On 4 September 2016 at 20:43, Koos Zevenhoven <k7hoven at gmail.com> wrote:
> On Sun, Sep 4, 2016 at 12:51 PM, Nick Coghlan <ncoghlan at gmail.com> wrote:
>> That said, the PEP does propose "getbyte()" and "iterbytes()" for
>> bytes-oriented indexing and iteration, so there's a reasonable
>> consistency argument in favour of also proposing "byte" as the builtin
>> factory function:
>>
>> * data.getbyte(idx) would be a more efficient alternative to byte(data[idx])
>> * data.iterbytes() would be a more efficient alternative to map(byte, data)
>>
>
> .. I don't understand the argument for having 'byte' in these names.
> They should have 'char' or 'chr' in them for exacly the same reason
> that the proposed builtin should have 'chr' in it instead of 'byte'.
> If 'bytes' is an iterable of ints, then get_byte should probably
> return an int
>
> I'm sorry, but this argument comes across as "were're proposing the
> wrong thing here, so for consistency, we might want to do the wrong
> thing in this other part too".

There are two self-consistent sets of names:

    bchr
    bytes.getbchr, bytearray.getbchr
    bytes.iterbchr, bytearray.iterbchr

    byte
    bytes.getbyte, bytearray.getbyte
    bytes.iterbytes, bytearray.iterbytes

The former set emphasises the "stringiness" of this behaviour, by
aligning with the chr() builtin

The latter set emphasises that these APIs are still about working with
arbitrary binary data rather than text, with a Python "byte"
subsequently being a length 1 bytes object containing a single integer
between 0 and 255, rather than "What you get when you index or iterate
over a bytes instance".

Having noticed the discrepancy, my personal preference is to go with
the latter option (since it better fits the "executable pseudocode"
ideal and despite my reservations about "bytes objects contain int
objects rather than byte objects", that shouldn't be any more
confusing in the long run than explaining that str instances are
containers of length-1 str instances).
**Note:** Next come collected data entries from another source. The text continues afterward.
lemma nabla_ser_Lax_expansion:
  assumes \<phi>: "vanishes_below \<phi> 0"
    and lnpow: "\<And>m. lnpow L m = ser_of (Lax_neg_pow \<phi> m)"
    and OS: "Exp_ad \<phi> (undressed_OS N) = Lax_expansion \<phi> a"
    and v: "\<And>m. m \<ge> 1 \<Longrightarrow> v m = Rep_smooth (a (Suc m))"
    and u: "u \<noteq> vx"
  shows "nabla u (ser_of \<phi>) (ser_of \<phi>)
           = ladd (lcst (pd u (Rep_smooth (\<phi> $$ 0))))
               (lneg (fsum (\<lambda>m. if m = 0 then zser else lscal (\<lambda>p. pd u (v m) p / real m) (lnpow L m))))"
proof -
  define c where "c m = (if m = 0 then pd_smooth u (\<phi> $$ 0)
                         else - (sconst (1 / real m) * pd_smooth u (a (Suc m))))" for m
  have fin: "finite_coeffwise (\<lambda>m. lscal (f m) (ser_of (Lax_neg_pow \<phi> m)))" for f
    using finite_coeffwise_Lax_neg_pow[OF \<phi>, of f 0] by simp
  have "nabla u (ser_of \<phi>) (ser_of \<phi>) = ser_Lax_expansion \<phi> (\<lambda>m. Rep_smooth (c m))"
    using Nabla_Lax_expansion[OF \<phi> u OS]
    by (simp add: nabla_ser_of[OF \<phi>] ser_of_Lax_expansion[OF \<phi>] c_def)
  also have "\<dots> = ladd (lscal (Rep_smooth (c 0)) (ser_of (Lax_neg_pow \<phi> 0)))
      (fsum (\<lambda>m. lscal (Rep_smooth (c (Suc m))) (ser_of (Lax_neg_pow \<phi> (Suc m)))))"
    unfolding ser_Lax_expansion_def by (rule fsum_shift[OF fin])
  also have "lscal (Rep_smooth (c 0)) (ser_of (Lax_neg_pow \<phi> 0)) = lcst (pd u (Rep_smooth (\<phi> $$ 0)))"
    by (simp add: Lax_neg_pow_def lone_ser_of[symmetric] lscal_lone c_def Rep_smooth_pd_smooth)
  also have "fsum (\<lambda>m. lscal (Rep_smooth (c (Suc m))) (ser_of (Lax_neg_pow \<phi> (Suc m))))
      = lneg (fsum (\<lambda>m. lscal (\<lambda>p. pd u (v (Suc m)) p / real (Suc m)) (lnpow L (Suc m))))"
    unfolding fsum_lneg[symmetric]
    by (rule arg_cong[where f = fsum])
      (simp add: fun_eq_iff lnpow c_def v lscal_def lneg_def Rep_smooth_uminus Rep_smooth_mult
        Rep_smooth_sconst Rep_smooth_pd_smooth)
  also have "fsum (\<lambda>m. lscal (\<lambda>p. pd u (v (Suc m)) p / real (Suc m)) (lnpow L (Suc m)))
      = fsum (\<lambda>m. if m = 0 then zser else lscal (\<lambda>p. pd u (v m) p / real m) (lnpow L m))"
    using fsum_shift[OF finite_coeffwise_if_0[OF fin[unfolded lnpow[symmetric]]]]
    by (simp add: ladd_def zser_def)
  finally show ?thesis .
qed

theorem nabla_dressing_expansion:
  assumes \<phi>_supp: "\<forall>j>0. \<phi> j = zc" and \<phi>_smooth: "\<forall>j. smooth_fn (\<phi> j)"
    and dress_L: "L = exp_ad \<phi> kser"
    and OS: "exp_ad \<phi> (ladd (lcst (\<lambda>p. p vx)) (lscal (\<lambda>p. real N * p vs) (kshift (-1) lone)))
           = ladd (ladd (lcst (\<lambda>p. p vx)) (lscal (\<lambda>p. real N * p vs) (linv L)))
                  (fsum (\<lambda>n. if n = 0 then zser else lscal (v n) (lnpow L (n + 1))))"
    and u: "u \<noteq> vx"
  shows "nabla u \<phi> \<phi>
           = ladd (lcst (pd u (\<phi> 0)))
               (lneg (fsum (\<lambda>m. if m = 0 then zser else lscal (\<lambda>p. pd u (v m) p / real m) (lnpow L m))))"
proof -
  define \<psi> where "\<psi> = fls_of_ser \<phi>"
  have \<psi>: "vanishes_below \<psi> 0" and \<phi>: "\<phi> = ser_of \<psi>"
    using ser_of_fls_of_ser[OF \<phi>_smooth \<phi>_supp] by (simp_all add: \<psi>_def)
  have L: "L = ser_of (Lax \<psi>)"
    unfolding dress_L \<phi> kser_ser_of Lax_def by (rule exp_ad_ser_of[OF \<psi> vanishes_below_X_inv])
  obtain a where "Exp_ad \<psi> (undressed_OS (real N)) = Lax_expansion \<psi> a"
    and "\<And>m. m \<ge> 1 \<Longrightarrow> v m = Rep_smooth (a (Suc m))"
    using orlov_schulman_Lax_expansion[OF \<psi> L OS[unfolded \<phi>]] by blast
  from nabla_ser_Lax_expansion[OF \<psi> lnpow_ser_of_Lax[OF \<psi>, folded L] this u]
  show ?thesis by (simp add: \<phi> ser_of_def)
qed

theorem mainTheorem7:
  fixes N :: nat and L P \<phi> :: ser and v :: "nat \<Rightarrow> coef"
  assumes N_pos: "N \<ge> 1"
    and L_top: "L 1 = (\<lambda>p. 1)" and L_bdd: "\<forall>j>1. L j = zc"
    and P_supp: "\<forall>j. (j > int N \<or> j \<le> 0) \<longrightarrow> P j = zc"
    and P_lead: "\<forall>p. P (int N) p \<noteq> 0"
    and L_smooth: "\<forall>j. smooth_fn (L j)" and P_smooth: "\<forall>j. smooth_fn (P j)"
    and L_xt: "\<forall>j. dep_xt (L j)" and P_xt: "\<forall>j. dep_xt (P j)"
    and hier_t: "\<forall>n\<ge>1. du (vt n) L = pbr (Bn L n) L"
    and hier_s: "du vs L = pbr_logP N P L"
    and hier_tlogP: "\<forall>n\<ge>1. du (vt n) (logP_reg N P)
                        = lsub (du vs (Bn L n)) (pbr_logP N P (Bn L n))"
    and phi_supp: "\<forall>j>0. \<phi> j = zc"
    and phi_smooth: "\<forall>j. smooth_fn (\<phi> j)" and phi_xt: "\<forall>j. dep_xt (\<phi> j)"
    and dress_L: "L = exp_ad \<phi> kser"
    and dress_t: "\<forall>n\<ge>1. nabla (vt n) \<phi> \<phi> = Bcn L n"
    and dress_s: "nabla vs \<phi> \<phi> = lsub (logP_reg N P) (NlogL_reg N L)"
    and OS: "exp_ad \<phi> (ladd (lcst (\<lambda>p. p vx)) (lscal (\<lambda>p. real N * p vs) (kshift (-1) lone)))
           = ladd (ladd (lcst (\<lambda>p. p vx)) (lscal (\<lambda>p. real N * p vs) (linv L)))
                  (fsum (\<lambda>n. if n = 0 then zser else lscal (v n) (lnpow L (n + 1))))"
  shows "(\<forall>n\<ge>1. Bn L n
            = lsub (ladd (lpow L n) (lcst (pd (vt n) (\<phi> 0))))
                   (fsum (\<lambda>m. if m = 0 then zser
                              else lscal (\<lambda>p. pd (vt n) (v m) p / real m) (lnpow L m))))
       \<and> logP_reg N P
            = lsub (ladd (NlogL_reg N L) (lcst (pd vs (\<phi> 0))))
                   (fsum (\<lambda>m. if m = 0 then zser
                              else lscal (\<lambda>p. pd vs (v m) p / real m) (lnpow L m)))"
proof -
  have nabla: "nabla u \<phi> \<phi> = ladd (lcst (pd u (\<phi> 0)))
      (lneg (fsum (\<lambda>m. if m = 0 then zser else lscal (\<lambda>p. pd u (v m) p / real m) (lnpow L m))))"
    if "u \<noteq> vx" for u
    by (rule nabla_dressing_expansion[OF phi_supp phi_smooth dress_L OS that])
  show ?thesis
  proof (intro conjI allI impI)
    fix n :: nat
    assume "n \<ge> 1"
    then have "vt n \<noteq> vx" and "Bcn L n = nabla (vt n) \<phi> \<phi>"
      using dress_t by (simp_all add: vt_def vx_def)
    moreover have "Bn L n = ladd (lpow L n) (Bcn L n)"
      by (simp add: Bn_def Bcn_def ppos_def pnonpos_def ladd_def lneg_def zc_def fun_eq_iff)
    ultimately show "Bn L n = lsub (ladd (lpow L n) (lcst (pd (vt n) (\<phi> 0))))
        (fsum (\<lambda>m. if m = 0 then zser else lscal (\<lambda>p. pd (vt n) (v m) p / real m) (lnpow L m)))"
      by (simp add: nabla ladd_def lsub_def lneg_def fun_eq_iff)
  next
    have "vs \<noteq> vx" by (simp add: vs_def vx_def)
    moreover have "logP_reg N P = ladd (NlogL_reg N L) (nabla vs \<phi> \<phi>)"
      using dress_s by (simp add: lsub_def ladd_def fun_eq_iff)
    ultimately show "logP_reg N P = lsub (ladd (NlogL_reg N L) (lcst (pd vs (\<phi> 0))))
        (fsum (\<lambda>m. if m = 0 then zser else lscal (\<lambda>p. pd vs (v m) p / real m) (lnpow L m)))"
      by (simp add: nabla ladd_def lsub_def lneg_def fun_eq_iff)
  qed
qed

end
The fact "byte" is much easier
to pronounce than bchr (bee-cher? bee-char?) also doesn't hurt.

However, I suspect we'll need to put both sets of names in front of
Guido and ask him to just pick whichever he prefers to get it resolved
one way or the other.

> And didn't someone recently propose deprecating iterability of str
> (not indexing, or slicing, just iterability)? Then str would also need
> a way to provide an iterable or sequence view of the characters. For
> consistency, the str functionality would probably need to mimic the
> approach in bytes. IOW, this PEP may in fact ultimately dictate how to
> get a iterable/sequence from a str object.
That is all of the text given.